Janet thought the snap was a tree branch, as her right foot, at full running stride, plunged into a pothole and remained there, while she abruptly collapsed down onto it.

I didn’t hear the crack but saw the results: her foot turned at an angle that suggested a very bad break.

The moment was sickening for a whole whack of reasons – my friend’s searing pain, the odd angle of her foot (gut wrenching for any runner who fears leg injuries); and then, finally, the terrifying realization that we were in the worst possible place on our day-break run for this accident to occur: a remote stretch of the Don Valley running trail, a kilometre from the nearest stairs leading up to a bridge and help.

And we were without a cell phone.

That was our second mistake.

About eight minutes earlier we stood on the walking bridge that joins the west and east Riverdale Parks, looking down at our usual route along the path by the river, which was covered in thick snowy slush. We contemplated taking the road, but dissed that option as if it for wimps and decided to risk getting soakers.

That would be our first mistake: That we risked far more than soakers when we did not base our decision, first, on safety.

Sometimes – too often — we runners feel so strong, so invincible, like superheroes who can extend the range of a car because we can run a half marathon or marathon distance to fetch gas should that mere machine run out of fuel in the middle of nowhere.

Tuesday morning reminded me that a) we should always carry a cell phone, even while running with friends b) we are not invincible; our bones do break c) Toronto may be a big city yet we constantly run into remote wild spots or even dodgy urban pockets that put us out of reach of easy help.

Our usual group was slimmed out that morning – by illness, injuries and yucky weather – leaving just the three of us, but thankfully, there were three of us.

Imagine yourself with a running buddy too hurt to walk, in a remote area, on a path so slushy or icy that others are unlikely to pass by to offer help. And you have to decide whether to leave your pal behind in the snow and cold – while she gets hypothermic and possibly even goes into shock – or stay with her and risk having no one pass by to help.

At least we didn’t have to make that sickening decision. Janis stayed with Janet, packing snow onto her fast-swelling ankle, while I ran back to call an ambulance and fetch Janis’ kids’ toboggan to use as a rescue sled. I grabbed a sleeping bag along the way to keep Janet warm and, as I ran back by Riverdale Farm, flagged down a runner on the street – I feared how Janet might be by the time I returned and wanted all the help we could get.

As we ran across Riverdale Park to the bridge, I asked this good Samaritan stranger if she might be able to help pull a toboggan.

“I just came back from Crossfit, dragging tractor tires across the floor,” she said.

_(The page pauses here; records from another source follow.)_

lemma real_cond_exp_error_weighted_le:
  fixes X Y S :: "'a \<Rightarrow> real"
  assumes "finite_measure M" "orlicz_function \<Phi>" "0 < c" "0 < d" "0 \<le> m"
    and [measurable]: "X \<in> borel_measurable M" "Y \<in> borel_measurable M"
    and "integrable M (\<lambda>\<omega>. \<Phi> (\<bar>X \<omega>\<bar> / c))" "integrable M (\<lambda>\<omega>. orlicz_conj \<Phi> (\<bar>Y \<omega>\<bar> / d))"
    and "integrable M S" "S \<in> borel_measurable F"
    and "AE \<omega> in M. \<bar>X \<omega> - S \<omega>\<bar> \<le> \<delta> + (if n < \<bar>X \<omega>\<bar> then \<bar>X \<omega>\<bar> else 0)"
    and "AE \<omega> in M. 0 \<le> Y \<omega>"
  shows "(\<integral>\<^sup>+\<omega>. ennreal (\<bar>real_cond_exp M F X \<omega> - X \<omega>\<bar> * Y \<omega>) \<partial>M) \<le> ennreal
    (2 * \<delta> * (\<integral>\<omega>. \<bar>Y \<omega>\<bar> \<partial>M)
     + tail_integral M (\<lambda>\<omega>. c * d * \<Phi> (\<bar>X \<omega>\<bar> / c) + \<bar>X \<omega>\<bar> * (\<bar>Y \<omega>\<bar> + m)) X n
     + c * d * tail_integral M (\<lambda>\<omega>. orlicz_conj \<Phi> (\<bar>Y \<omega>\<bar> / d)) Y m)"
proof -
  interpret finite_measure M by fact
  note XY = integrable_orlicz_pair[OF assms(2-4,6-9)]
  define R where "R \<omega> = (if n < \<bar>X \<omega>\<bar> then X \<omega> else 0)" for \<omega>
  have R_abs: "\<bar>R \<omega>\<bar> = (if n < \<bar>X \<omega>\<bar> then \<bar>X \<omega>\<bar> else 0)" for \<omega>
    by (simp add: R_def)
  have \<Phi>_zero: "\<Phi> 0 = 0" using assms(2) by (simp add: orlicz_function_def)
  then have \<Phi>_R: "\<Phi> (\<bar>R \<omega>\<bar> / c) = (if n < \<bar>X \<omega>\<bar> then \<Phi> (\<bar>X \<omega>\<bar> / c) else 0)" for \<omega>
    by (simp add: R_def)
  have R_int: "integrable M R"
    unfolding R_def using XY(1) by (intro integrable_if_zero) auto
  have \<Phi>_R_int: "integrable M (\<lambda>\<omega>. \<Phi> (\<bar>R \<omega>\<bar> / c))"
    unfolding \<Phi>_R using assms(8) by (intro integrable_if_zero) auto
  have "integrable M (\<lambda>\<omega>. if n < \<bar>X \<omega>\<bar> then \<bar>X \<omega> * Y \<omega>\<bar> else 0)"
    using XY(3) by (intro integrable_if_zero) auto
  moreover have "(\<lambda>\<omega>. if n < \<bar>X \<omega>\<bar> then \<bar>X \<omega> * Y \<omega>\<bar> else 0) = (\<lambda>\<omega>. \<bar>R \<omega>\<bar> * \<bar>Y \<omega>\<bar>)"
    by (auto simp: R_abs abs_mult)
  ultimately have RY_int: "integrable M (\<lambda>\<omega>. \<bar>R \<omega>\<bar> * \<bar>Y \<omega>\<bar>)" by simp
  have \<Psi>_tail_int: "integrable M (\<lambda>\<omega>. if m < \<bar>Y \<omega>\<bar> then orlicz_conj \<Phi> (\<bar>Y \<omega>\<bar> / d) else 0)"
    using assms(9) by (intro integrable_if_zero) auto
  define bd where "bd \<omega> = 2 * \<delta> * \<bar>Y \<omega>\<bar> + \<bar>R \<omega>\<bar> * \<bar>Y \<omega>\<bar> + m * real_cond_exp M F (\<lambda>\<omega>. \<bar>R \<omega>\<bar>) \<omega>
    + c * d * real_cond_exp M F (\<lambda>\<omega>. \<Phi> (\<bar>R \<omega>\<bar> / c)) \<omega>
    + c * d * (if m < \<bar>Y \<omega>\<bar> then orlicz_conj \<Phi> (\<bar>Y \<omega>\<bar> / d) else 0)" for \<omega>
  have pointwise: "AE \<omega> in M. \<bar>real_cond_exp M F X \<omega> - X \<omega>\<bar> * Y \<omega> \<le> bd \<omega>"
    unfolding bd_def using assms(12)
    by (intro real_cond_exp_error_weighted_le_pointwise[OF assms(1-5) XY(1) assms(10,11) R_int \<Phi>_R_int _ assms(13)])
       (simp add: R_abs)
  have "tail_integral M (\<lambda>\<omega>. c * d * \<Phi> (\<bar>X \<omega>\<bar> / c) + \<bar>X \<omega>\<bar> * (\<bar>Y \<omega>\<bar> + m)) X n
      = (\<integral>\<omega>. \<bar>R \<omega>\<bar> * \<bar>Y \<omega>\<bar> + m * \<bar>R \<omega>\<bar> + c * d * \<Phi> (\<bar>R \<omega>\<bar> / c) \<partial>M)"
    unfolding tail_integral_def
    by (intro Bochner_Integration.integral_cong) (auto simp: R_def \<Phi>_zero algebra_simps)
  also have "\<dots> = (\<integral>\<omega>. \<bar>R \<omega>\<bar> * \<bar>Y \<omega>\<bar> \<partial>M) + m * (\<integral>\<omega>. \<bar>R \<omega>\<bar> \<partial>M) + c * d * (\<integral>\<omega>. \<Phi> (\<bar>R \<omega>\<bar> / c) \<partial>M)"
    using RY_int R_int \<Phi>_R_int by simp
  finally have tail_eq: "tail_integral M (\<lambda>\<omega>. c * d * \<Phi> (\<bar>X \<omega>\<bar> / c) + \<bar>X \<omega>\<bar> * (\<bar>Y \<omega>\<bar> + m)) X n
    = (\<integral>\<omega>. \<bar>R \<omega>\<bar> * \<bar>Y \<omega>\<bar> \<partial>M) + m * (\<integral>\<omega>. \<bar>R \<omega>\<bar> \<partial>M) + c * d * (\<integral>\<omega>. \<Phi> (\<bar>R \<omega>\<bar> / c) \<partial>M)" .
  have bd_int: "integrable M bd"
    unfolding bd_def using XY(2) RY_int R_int \<Phi>_R_int \<Psi>_tail_int
    by (intro Bochner_Integration.integrable_add integrable_mult_right real_cond_exp_int(1)) auto
  have "(\<integral>\<omega>. bd \<omega> \<partial>M) = 2 * \<delta> * (\<integral>\<omega>. \<bar>Y \<omega>\<bar> \<partial>M)
     + tail_integral M (\<lambda>\<omega>. c * d * \<Phi> (\<bar>X \<omega>\<bar> / c) + \<bar>X \<omega>\<bar> * (\<bar>Y \<omega>\<bar> + m)) X n
     + c * d * tail_integral M (\<lambda>\<omega>. orlicz_conj \<Phi> (\<bar>Y \<omega>\<bar> / d)) Y m"
    unfolding bd_def tail_eq using XY(2) RY_int R_int \<Phi>_R_int \<Psi>_tail_int
    by (simp add: real_cond_exp_int tail_integral_def)
  moreover have "AE \<omega> in M. 0 \<le> bd \<omega>"
    using pointwise assms(13) by eventually_elim (metis abs_ge_zero mult_nonneg_nonneg order_trans)
  moreover have "(\<integral>\<^sup>+\<omega>. ennreal (\<bar>real_cond_exp M F X \<omega> - X \<omega>\<bar> * Y \<omega>) \<partial>M) \<le> (\<integral>\<^sup>+\<omega>. ennreal (bd \<omega>) \<partial>M)"
    using pointwise by (intro nn_integral_mono_AE) (auto elim!: AE_mp intro: ennreal_leI)
  ultimately show ?thesis
    using nn_integral_eq_integral[OF bd_int] by simp
qed

end

lemma (in finite_measure) truncation_levels:
  assumes "orlicz_function \<Phi>" "0 < c" "0 < d"
    and [measurable]: "X \<in> borel_measurable M" "Y \<in> borel_measurable M"
    and \<Phi>X: "integrable M (\<lambda>\<omega>. \<Phi> (\<bar>X \<omega>\<bar> / c))" and \<Psi>Y: "integrable M (\<lambda>\<omega>. orlicz_conj \<Phi> (\<bar>Y \<omega>\<bar> / d))"
    and "0 < \<epsilon>"
  obtains \<delta> n m where "0 < \<delta>" "0 \<le> n" "0 \<le> m"
    "2 * \<delta> * (\<integral>\<omega>. \<bar>Y \<omega>\<bar> \<partial>M)
     + tail_integral M (\<lambda>\<omega>. c * d * \<Phi> (\<bar>X \<omega>\<bar> / c) + \<bar>X \<omega>\<bar> * (\<bar>Y \<omega>\<bar> + m)) X n
     + c * d * tail_integral M (\<lambda>\<omega>. orlicz_conj \<Phi> (\<bar>Y \<omega>\<bar> / d)) Y m < \<epsilon>"
proof -
  note XY = integrable_orlicz_pair[OF assms(1-7)]
  have "\<forall>\<^sub>F m in at_top. 0 \<le> m \<and>
      c * d * tail_integral M (\<lambda>\<omega>. orlicz_conj \<Phi> (\<bar>Y \<omega>\<bar> / d)) Y m < \<epsilon> / 3"
    using \<Psi>Y \<open>0 < \<epsilon>\<close>
    by (intro eventually_conj eventually_ge_at_top order_tendstoD(2)[OF tendsto_mult_right_zero]
        tendsto_tail_integral) auto
  then obtain m where "0 \<le> m"
    and m: "c * d * tail_integral M (\<lambda>\<omega>. orlicz_conj \<Phi> (\<bar>Y \<omega>\<bar> / d)) Y m < \<epsilon> / 3"
    by (auto simp: eventually_at_top_linorder)
  have "integrable M (\<lambda>\<omega>. c * d * \<Phi> (\<bar>X \<omega>\<bar> / c) + \<bar>X \<omega>\<bar> * (\<bar>Y \<omega>\<bar> + m))"
    using \<Phi>X XY by (simp add: distrib_left abs_mult[symmetric])
  then have "\<forall>\<^sub>F n in at_top. 0 \<le> n \<and>
      tail_integral M (\<lambda>\<omega>. c * d * \<Phi> (\<bar>X \<omega>\<bar> / c) + \<bar>X \<omega>\<bar> * (\<bar>Y \<omega>\<bar> + m)) X n < \<epsilon> / 3"
    using \<open>0 < \<epsilon>\<close> by (intro eventually_conj eventually_ge_at_top order_tendstoD(2)[OF tendsto_tail_integral]) auto
  then obtain n where "0 \<le> n"
    and n: "tail_integral M (\<lambda>\<omega>. c * d * \<Phi> (\<bar>X \<omega>\<bar> / c) + \<bar>X \<omega>\<bar> * (\<bar>Y \<omega>\<bar> + m)) X n < \<epsilon> / 3"
    by (auto simp: eventually_at_top_linorder)
  define EY where "EY = (\<integral>\<omega>. \<bar>Y \<omega>\<bar> \<partial>M)"
  define \<delta> where "\<delta> = \<epsilon> / (6 * (EY + 1))"
  have "0 \<le> EY" by (simp add: EY_def)
  then have "0 < \<delta>" using \<open>0 < \<epsilon>\<close> by (simp add: \<delta>_def)
  have "2 * \<delta> * EY = \<epsilon> / 3 * (EY / (EY + 1))"
    using \<open>0 \<le> EY\<close> by (simp add: \<delta>_def field_simps)
  also have "\<dots> < \<epsilon> / 3 * 1"
    using \<open>0 \<le> EY\<close> \<open>0 < \<epsilon>\<close> by (intro mult_strict_left_mono) auto
  finally have "2 * \<delta> * (\<integral>\<omega>. \<bar>Y \<omega>\<bar> \<partial>M) < \<epsilon> / 3" by (simp add: EY_def)
  then show ?thesis
    by (intro that[OF \<open>0 < \<delta>\<close> \<open>0 \<le> n\<close> \<open>0 \<le> m\<close>]) (use m n in linarith)
qed

lemma (in prob_space) cond_exp_error_uniformly_small:
  assumes \<Phi>: "orlicz_function \<Phi>"
    and X: "X \<in> orlicz_space M \<Phi>" and Y: "Y \<in> orlicz_space M (orlicz_conj \<Phi>)"
    and "AE \<omega> in M. 0 \<le> Y \<omega>" "0 < \<epsilon>"
  obtains \<delta> n where "0 < \<delta>" "0 \<le> n"
    "\<And>F S. sigma_finite_subalgebra M F \<Longrightarrow> integrable M S \<Longrightarrow> S \<in> borel_measurable F \<Longrightarrow>
      AE \<omega> in M. \<bar>X \<omega> - S \<omega>\<bar> \<le> \<delta> + (if n < \<bar>X \<omega>\<bar> then \<bar>X \<omega>\<bar> else 0) \<Longrightarrow>
      (\<integral>\<^sup>+\<omega>. ennreal (\<bar>real_cond_exp M F X \<omega> - X \<omega>\<bar> * Y \<omega>) \<partial>M) < ennreal \<epsilon>"
proof -
  note X_meas = orlicz_space_measurable[OF X] and Y_meas = orlicz_space_measurable[OF Y]
  have "mono_on {0..} \<Phi>" using \<Phi> by (simp add: orlicz_function_def)
  then obtain c where "0 < c" and \<Phi>X: "integrable M (\<lambda>\<omega>. \<Phi> (\<bar>X \<omega>\<bar> / c))"
    using orlicz_space_modular_integrable[OF _ orlicz_function_nonneg[OF \<Phi>] X] by blast
  obtain d where "0 < d" and \<Psi>Y: "integrable M (\<lambda>\<omega>. orlicz_conj \<Phi> (\<bar>Y \<omega>\<bar> / d))"
    using orlicz_space_modular_integrable[OF orlicz_conj_mono[OF \<Phi>] orlicz_conj_nonneg[OF \<Phi>] Y] by blast
  obtain \<delta> n m where "0 < \<delta>" "0 \<le> n" "0 \<le> m" and small:
    "2 * \<delta> * (\<integral>\<omega>. \<bar>Y \<omega>\<bar> \<partial>M)
     + tail_integral M (\<lambda>\<omega>. c * d * \<Phi> (\<bar>X \<omega>\<bar> / c) + \<bar>X \<omega>\<bar> * (\<bar>Y \<omega>\<bar> + m)) X n
     + c * d * tail_integral M (\<lambda>\<omega>. orlicz_conj \<Phi> (\<bar>Y \<omega>\<bar> / d)) Y m < \<epsilon>"
    using truncation_levels[OF \<Phi> \<open>0 < c\<close> \<open>0 < d\<close> X_meas Y_meas \<Phi>X \<Psi>Y \<open>0 < \<epsilon>\<close>] by blast
  show ?thesis
  proof (rule that[OF \<open>0 < \<delta>\<close> \<open>0 \<le> n\<close>])
    fix F S assume "sigma_finite_subalgebra M F" "integrable M S" "S \<in> borel_measurable F"
      and "AE \<omega> in M. \<bar>X \<omega> - S \<omega>\<bar> \<le> \<delta> + (if n < \<bar>X \<omega>\<bar> then \<bar>X \<omega>\<bar> else 0)"
    then have "(\<integral>\<^sup>+\<omega>. ennreal (\<bar>real_cond_exp M F X \<omega> - X \<omega>\<bar> * Y \<omega>) \<partial>M) \<le> ennreal
      (2 * \<delta> * (\<integral>\<omega>. \<bar>Y \<omega>\<bar> \<partial>M)
       + tail_integral M (\<lambda>\<omega>. c * d * \<Phi> (\<bar>X \<omega>\<bar> / c) + \<bar>X \<omega>\<bar> * (\<bar>Y \<omega>\<bar> + m)) X n
       + c * d * tail_integral M (\<lambda>\<omega>. orlicz_conj \<Phi> (\<bar>Y \<omega>\<bar> / d)) Y m)"
      by (intro sigma_finite_subalgebra.real_cond_exp_error_weighted_le[OF _ finite_measure_axioms
            \<Phi> \<open>0 < c\<close> \<open>0 < d\<close> \<open>0 \<le> m\<close> X_meas Y_meas \<Phi>X \<Psi>Y] assms(4))
    also have "\<dots> < ennreal \<epsilon>"
      using small \<open>0 < \<epsilon>\<close> by (intro ennreal_lessI) auto
    finally show "(\<integral>\<^sup>+\<omega>. ennreal (\<bar>real_cond_exp M F X \<omega> - X \<omega>\<bar> * Y \<omega>) \<partial>M) < ennreal \<epsilon>" .
  qed
qed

Finally, a lucky break to follow the bad break. Mystery woman also came up with the great idea of pulling Janet down to the Queen/King bridge where the stairs led up to the street, more accessible for the ambulance than the Riverdale bridge. Having another brain along in an emergency can be as important as a strong pair of Amazon legs.

We got Janet into the sleeping bag and onto the sled, and we took turns pulling as we ran her down to the bridge where paramedics met us. Janet was unbelievably gutsy through the whole ordeal, smiling and even laughing through pain as she hopped up a good part of those stairs because, let’s just say those paramedics who were supposed to be carrying her could use a dose of Coach E’s training.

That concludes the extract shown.